• Task goal
Read the data below line by line and copy each one with "vertices" in it.
# # #
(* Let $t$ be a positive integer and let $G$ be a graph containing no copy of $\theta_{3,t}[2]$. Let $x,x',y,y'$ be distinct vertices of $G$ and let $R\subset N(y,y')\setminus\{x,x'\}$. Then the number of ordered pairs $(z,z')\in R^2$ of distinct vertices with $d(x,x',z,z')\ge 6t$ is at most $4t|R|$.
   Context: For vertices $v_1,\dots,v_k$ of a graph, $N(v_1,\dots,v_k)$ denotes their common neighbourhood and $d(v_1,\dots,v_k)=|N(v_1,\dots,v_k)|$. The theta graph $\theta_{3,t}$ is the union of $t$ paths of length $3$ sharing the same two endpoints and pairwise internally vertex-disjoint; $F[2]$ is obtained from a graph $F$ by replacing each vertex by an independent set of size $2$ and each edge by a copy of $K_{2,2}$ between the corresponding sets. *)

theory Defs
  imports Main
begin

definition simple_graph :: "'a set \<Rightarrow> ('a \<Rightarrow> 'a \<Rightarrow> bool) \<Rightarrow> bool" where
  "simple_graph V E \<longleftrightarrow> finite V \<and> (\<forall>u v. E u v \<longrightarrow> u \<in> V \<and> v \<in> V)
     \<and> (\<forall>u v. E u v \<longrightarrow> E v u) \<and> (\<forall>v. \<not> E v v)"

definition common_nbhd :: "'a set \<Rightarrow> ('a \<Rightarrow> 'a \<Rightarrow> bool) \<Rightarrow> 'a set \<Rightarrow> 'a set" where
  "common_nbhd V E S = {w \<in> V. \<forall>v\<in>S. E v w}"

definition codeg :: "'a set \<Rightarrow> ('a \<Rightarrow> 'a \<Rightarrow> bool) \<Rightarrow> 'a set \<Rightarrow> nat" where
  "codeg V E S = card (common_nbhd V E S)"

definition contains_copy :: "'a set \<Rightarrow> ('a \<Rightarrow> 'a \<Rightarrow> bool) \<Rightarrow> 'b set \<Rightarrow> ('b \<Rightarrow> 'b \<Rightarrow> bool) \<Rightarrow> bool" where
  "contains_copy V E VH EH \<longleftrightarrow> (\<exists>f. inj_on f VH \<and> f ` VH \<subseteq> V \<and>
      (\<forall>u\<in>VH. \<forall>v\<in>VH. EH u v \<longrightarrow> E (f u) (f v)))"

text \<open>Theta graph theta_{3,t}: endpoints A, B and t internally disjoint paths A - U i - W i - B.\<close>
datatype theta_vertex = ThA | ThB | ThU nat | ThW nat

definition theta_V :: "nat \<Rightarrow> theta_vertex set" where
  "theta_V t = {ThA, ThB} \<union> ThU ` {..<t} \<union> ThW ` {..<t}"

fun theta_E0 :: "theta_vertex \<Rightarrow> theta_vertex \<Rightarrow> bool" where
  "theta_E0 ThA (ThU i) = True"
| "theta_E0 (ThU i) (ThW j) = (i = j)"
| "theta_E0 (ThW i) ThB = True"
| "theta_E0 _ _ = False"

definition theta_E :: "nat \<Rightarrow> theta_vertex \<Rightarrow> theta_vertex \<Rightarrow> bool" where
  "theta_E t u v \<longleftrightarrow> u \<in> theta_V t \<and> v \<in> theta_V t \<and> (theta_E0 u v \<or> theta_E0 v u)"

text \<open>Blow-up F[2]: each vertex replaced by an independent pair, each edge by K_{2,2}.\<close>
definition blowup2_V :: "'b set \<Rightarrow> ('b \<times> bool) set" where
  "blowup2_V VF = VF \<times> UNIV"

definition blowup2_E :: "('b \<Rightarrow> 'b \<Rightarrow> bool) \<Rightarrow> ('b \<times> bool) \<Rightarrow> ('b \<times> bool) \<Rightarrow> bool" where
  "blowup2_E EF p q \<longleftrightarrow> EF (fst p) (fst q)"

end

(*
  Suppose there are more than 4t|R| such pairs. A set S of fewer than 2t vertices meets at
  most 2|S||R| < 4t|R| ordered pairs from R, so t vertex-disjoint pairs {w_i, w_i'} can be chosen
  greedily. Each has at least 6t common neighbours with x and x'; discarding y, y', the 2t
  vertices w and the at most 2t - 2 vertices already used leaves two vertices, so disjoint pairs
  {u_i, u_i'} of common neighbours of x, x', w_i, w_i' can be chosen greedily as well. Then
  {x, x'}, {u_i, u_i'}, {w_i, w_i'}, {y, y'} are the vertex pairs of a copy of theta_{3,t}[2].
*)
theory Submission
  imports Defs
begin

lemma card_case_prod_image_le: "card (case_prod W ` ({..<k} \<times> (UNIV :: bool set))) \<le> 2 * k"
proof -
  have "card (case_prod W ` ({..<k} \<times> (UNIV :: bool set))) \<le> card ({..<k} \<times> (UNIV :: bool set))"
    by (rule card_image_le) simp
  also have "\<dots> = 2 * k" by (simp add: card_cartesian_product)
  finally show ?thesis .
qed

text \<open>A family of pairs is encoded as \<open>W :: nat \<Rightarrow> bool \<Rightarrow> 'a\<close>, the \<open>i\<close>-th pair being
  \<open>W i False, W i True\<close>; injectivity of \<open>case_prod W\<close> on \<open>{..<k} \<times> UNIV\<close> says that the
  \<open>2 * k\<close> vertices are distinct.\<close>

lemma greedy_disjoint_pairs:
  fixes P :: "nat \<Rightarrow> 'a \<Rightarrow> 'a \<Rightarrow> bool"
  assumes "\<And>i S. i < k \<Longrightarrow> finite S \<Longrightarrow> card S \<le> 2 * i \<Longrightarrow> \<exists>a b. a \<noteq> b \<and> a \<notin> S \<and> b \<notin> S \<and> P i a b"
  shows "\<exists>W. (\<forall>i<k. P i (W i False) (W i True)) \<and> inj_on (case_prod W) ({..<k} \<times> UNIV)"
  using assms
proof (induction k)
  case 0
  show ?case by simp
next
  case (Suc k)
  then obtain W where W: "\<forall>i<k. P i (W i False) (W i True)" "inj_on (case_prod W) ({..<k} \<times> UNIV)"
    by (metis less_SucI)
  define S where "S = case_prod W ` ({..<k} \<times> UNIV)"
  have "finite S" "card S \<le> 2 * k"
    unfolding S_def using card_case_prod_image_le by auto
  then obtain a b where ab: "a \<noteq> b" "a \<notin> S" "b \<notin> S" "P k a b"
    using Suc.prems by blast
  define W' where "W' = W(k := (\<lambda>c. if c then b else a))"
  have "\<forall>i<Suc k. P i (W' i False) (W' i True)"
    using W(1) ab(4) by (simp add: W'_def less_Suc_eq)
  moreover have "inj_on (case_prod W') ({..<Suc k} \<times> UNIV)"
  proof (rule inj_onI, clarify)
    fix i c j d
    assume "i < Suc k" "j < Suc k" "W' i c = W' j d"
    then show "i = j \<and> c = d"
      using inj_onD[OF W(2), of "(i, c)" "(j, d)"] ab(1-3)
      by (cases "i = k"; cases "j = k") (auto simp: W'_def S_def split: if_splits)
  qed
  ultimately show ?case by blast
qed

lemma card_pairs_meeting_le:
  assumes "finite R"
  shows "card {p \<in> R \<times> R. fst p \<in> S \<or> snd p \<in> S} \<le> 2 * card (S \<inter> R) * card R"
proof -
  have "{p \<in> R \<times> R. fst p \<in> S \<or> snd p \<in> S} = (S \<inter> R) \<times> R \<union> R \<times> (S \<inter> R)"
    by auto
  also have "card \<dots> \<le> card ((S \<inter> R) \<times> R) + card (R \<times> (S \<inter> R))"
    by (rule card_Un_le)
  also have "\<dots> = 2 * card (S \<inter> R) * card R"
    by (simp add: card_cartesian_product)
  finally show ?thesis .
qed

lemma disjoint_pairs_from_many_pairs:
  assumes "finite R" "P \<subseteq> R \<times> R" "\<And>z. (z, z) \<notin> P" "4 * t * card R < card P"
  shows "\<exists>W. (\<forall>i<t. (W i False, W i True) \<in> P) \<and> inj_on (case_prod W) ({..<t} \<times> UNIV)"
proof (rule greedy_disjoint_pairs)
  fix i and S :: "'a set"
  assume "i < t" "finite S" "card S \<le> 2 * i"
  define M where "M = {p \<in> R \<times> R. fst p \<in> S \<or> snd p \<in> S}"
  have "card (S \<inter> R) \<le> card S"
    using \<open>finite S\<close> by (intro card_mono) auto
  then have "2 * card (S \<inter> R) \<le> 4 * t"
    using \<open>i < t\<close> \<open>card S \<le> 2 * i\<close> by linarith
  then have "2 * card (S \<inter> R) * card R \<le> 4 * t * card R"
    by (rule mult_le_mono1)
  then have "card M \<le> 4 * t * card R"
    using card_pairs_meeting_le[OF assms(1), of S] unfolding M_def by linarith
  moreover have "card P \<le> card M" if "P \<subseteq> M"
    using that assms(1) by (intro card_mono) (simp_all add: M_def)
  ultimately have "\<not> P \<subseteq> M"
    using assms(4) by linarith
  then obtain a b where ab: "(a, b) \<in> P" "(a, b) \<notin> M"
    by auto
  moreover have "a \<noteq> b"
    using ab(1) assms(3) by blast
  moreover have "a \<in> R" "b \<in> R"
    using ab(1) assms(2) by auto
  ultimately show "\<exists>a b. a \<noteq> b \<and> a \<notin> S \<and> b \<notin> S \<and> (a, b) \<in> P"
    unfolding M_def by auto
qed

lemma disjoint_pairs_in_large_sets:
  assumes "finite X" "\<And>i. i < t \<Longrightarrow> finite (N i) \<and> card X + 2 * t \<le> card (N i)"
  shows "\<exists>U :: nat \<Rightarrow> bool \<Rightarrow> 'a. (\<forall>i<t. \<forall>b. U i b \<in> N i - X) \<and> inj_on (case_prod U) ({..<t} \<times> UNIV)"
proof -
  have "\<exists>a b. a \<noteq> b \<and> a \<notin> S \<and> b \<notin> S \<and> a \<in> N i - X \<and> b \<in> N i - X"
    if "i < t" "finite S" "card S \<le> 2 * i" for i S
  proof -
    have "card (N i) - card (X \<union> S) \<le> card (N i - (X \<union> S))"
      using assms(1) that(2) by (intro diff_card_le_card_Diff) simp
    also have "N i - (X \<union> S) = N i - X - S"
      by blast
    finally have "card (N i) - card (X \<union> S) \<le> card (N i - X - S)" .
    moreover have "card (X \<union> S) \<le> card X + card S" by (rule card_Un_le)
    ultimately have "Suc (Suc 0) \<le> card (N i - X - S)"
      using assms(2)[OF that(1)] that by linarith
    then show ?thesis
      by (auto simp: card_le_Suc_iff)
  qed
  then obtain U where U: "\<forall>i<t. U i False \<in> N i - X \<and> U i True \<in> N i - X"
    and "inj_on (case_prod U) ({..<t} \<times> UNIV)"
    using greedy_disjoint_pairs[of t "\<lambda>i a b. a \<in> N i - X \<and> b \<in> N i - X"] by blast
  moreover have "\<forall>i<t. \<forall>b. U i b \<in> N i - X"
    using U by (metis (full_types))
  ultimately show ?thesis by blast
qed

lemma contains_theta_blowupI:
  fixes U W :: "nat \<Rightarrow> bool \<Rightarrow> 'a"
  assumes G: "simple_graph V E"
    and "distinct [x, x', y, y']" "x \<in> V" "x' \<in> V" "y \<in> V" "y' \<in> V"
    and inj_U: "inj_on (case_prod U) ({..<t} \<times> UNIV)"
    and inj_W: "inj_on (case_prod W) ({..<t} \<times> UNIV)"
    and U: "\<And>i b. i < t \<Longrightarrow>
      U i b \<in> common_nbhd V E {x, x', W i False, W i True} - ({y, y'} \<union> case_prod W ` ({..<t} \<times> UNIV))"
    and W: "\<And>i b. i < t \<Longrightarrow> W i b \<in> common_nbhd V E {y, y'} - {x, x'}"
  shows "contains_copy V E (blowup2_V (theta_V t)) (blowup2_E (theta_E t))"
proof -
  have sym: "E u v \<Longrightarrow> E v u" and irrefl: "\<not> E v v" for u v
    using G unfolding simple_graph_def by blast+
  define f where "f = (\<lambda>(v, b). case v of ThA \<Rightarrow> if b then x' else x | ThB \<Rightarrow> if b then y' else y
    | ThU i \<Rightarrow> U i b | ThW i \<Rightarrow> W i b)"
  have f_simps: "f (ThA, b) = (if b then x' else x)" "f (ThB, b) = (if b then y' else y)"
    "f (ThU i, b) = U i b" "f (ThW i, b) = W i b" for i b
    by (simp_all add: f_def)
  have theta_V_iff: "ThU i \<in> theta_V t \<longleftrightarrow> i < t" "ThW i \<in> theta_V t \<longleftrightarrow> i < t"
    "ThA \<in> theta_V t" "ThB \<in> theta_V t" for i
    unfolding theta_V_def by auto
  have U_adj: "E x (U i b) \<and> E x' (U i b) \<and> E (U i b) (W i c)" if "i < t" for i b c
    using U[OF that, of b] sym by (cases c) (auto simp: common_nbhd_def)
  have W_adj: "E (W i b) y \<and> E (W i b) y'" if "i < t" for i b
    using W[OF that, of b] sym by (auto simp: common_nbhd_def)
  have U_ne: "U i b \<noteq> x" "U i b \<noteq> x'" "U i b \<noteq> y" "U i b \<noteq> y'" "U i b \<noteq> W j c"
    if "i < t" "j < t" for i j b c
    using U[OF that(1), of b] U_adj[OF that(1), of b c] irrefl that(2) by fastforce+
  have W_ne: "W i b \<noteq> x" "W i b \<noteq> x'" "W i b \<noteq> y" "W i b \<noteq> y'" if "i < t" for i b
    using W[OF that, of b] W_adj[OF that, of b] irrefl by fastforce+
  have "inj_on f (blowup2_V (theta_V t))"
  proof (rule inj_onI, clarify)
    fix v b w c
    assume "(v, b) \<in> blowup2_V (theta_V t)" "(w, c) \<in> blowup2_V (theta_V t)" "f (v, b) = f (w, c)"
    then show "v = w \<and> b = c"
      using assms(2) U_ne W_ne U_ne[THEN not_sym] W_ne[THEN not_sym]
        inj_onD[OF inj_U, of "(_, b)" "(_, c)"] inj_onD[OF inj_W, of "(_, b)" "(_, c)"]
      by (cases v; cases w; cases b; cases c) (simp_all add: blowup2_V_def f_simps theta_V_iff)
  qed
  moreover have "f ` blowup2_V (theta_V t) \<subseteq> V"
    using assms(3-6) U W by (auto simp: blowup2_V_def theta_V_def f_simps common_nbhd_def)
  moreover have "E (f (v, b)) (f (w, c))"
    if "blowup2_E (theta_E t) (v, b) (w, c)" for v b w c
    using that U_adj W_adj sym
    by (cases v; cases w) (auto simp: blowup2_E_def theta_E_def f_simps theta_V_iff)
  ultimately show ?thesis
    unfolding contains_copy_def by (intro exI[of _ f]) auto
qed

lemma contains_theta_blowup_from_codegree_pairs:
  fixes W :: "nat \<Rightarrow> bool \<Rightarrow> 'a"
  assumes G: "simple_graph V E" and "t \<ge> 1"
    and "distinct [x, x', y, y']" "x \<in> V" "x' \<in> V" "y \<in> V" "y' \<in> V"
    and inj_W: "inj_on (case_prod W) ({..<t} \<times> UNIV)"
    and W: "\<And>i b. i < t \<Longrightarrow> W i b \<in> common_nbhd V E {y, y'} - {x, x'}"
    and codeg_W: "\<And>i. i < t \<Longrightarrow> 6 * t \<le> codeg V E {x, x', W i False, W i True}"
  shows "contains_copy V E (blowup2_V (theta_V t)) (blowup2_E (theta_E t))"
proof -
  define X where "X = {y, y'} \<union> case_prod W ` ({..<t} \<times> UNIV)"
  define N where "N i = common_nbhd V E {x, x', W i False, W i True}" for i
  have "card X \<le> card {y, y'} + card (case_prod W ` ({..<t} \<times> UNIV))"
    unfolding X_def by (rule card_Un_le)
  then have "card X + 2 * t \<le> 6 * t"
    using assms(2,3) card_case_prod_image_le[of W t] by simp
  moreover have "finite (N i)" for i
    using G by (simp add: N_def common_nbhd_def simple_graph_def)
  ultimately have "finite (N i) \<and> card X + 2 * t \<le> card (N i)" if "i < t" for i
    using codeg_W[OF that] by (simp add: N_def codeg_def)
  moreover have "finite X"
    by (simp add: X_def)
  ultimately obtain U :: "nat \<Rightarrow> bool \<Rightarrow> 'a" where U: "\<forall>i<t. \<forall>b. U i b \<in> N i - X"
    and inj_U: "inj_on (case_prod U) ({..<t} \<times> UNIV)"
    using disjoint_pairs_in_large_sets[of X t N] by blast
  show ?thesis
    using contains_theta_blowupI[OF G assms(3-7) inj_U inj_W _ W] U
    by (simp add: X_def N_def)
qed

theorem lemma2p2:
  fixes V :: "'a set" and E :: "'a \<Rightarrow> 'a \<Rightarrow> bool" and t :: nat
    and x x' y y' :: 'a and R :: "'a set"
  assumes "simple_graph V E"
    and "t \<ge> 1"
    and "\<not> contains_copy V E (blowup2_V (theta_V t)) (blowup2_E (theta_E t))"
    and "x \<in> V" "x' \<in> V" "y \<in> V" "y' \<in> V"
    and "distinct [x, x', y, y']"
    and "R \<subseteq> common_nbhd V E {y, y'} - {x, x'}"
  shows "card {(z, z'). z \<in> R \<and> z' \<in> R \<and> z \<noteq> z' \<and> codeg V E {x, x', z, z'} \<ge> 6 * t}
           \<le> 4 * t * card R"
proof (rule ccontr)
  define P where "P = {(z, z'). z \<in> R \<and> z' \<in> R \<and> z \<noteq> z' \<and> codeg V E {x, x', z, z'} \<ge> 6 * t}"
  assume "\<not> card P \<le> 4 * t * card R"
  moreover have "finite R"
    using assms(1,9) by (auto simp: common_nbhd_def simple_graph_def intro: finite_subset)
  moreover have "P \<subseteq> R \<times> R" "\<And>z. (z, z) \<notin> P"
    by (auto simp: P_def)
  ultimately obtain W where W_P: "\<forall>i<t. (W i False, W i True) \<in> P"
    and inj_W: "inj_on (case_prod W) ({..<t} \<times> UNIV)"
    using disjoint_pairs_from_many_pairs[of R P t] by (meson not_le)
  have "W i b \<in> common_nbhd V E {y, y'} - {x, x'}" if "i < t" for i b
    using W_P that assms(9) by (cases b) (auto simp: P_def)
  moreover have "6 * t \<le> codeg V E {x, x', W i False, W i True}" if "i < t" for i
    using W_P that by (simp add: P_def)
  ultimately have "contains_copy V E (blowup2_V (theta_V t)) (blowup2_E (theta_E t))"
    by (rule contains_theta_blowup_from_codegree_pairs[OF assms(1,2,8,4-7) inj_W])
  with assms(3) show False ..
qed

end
# # #
• Reply
(* Let $t$ be a positive integer and let $G$ be a graph containing no copy of $\theta_{3,t}[2]$. Let $x,x',y,y'$ be distinct vertices of $G$ and let $R\subset N(y,y')\setminus\{x,x'\}$. Then the number of ordered pairs $(z,z')\in R^2$ of distinct vertices with $d(x,x',z,z')\ge 6t$ is at most $4t|R|$.
   Context: For vertices $v_1,\dots,v_k$ of a graph, $N(v_1,\dots,v_k)$ denotes their common neighbourhood and $d(v_1,\dots,v_k)=|N(v_1,\dots,v_k)|$. The theta graph $\theta_{3,t}$ is the union of $t$ paths of length $3$ sharing the same two endpoints and pairwise internally vertex-disjoint; $F[2]$ is obtained from a graph $F$ by replacing each vertex by an independent set of size $2$ and each edge by a copy of $K_{2,2}$ between the corresponding sets. *)
  Suppose there are more than 4t|R| such pairs. A set S of fewer than 2t vertices meets at
  vertices w and the at most 2t - 2 vertices already used leaves two vertices, so disjoint pairs
  \<open>2 * k\<close> vertices are distinct.\<close>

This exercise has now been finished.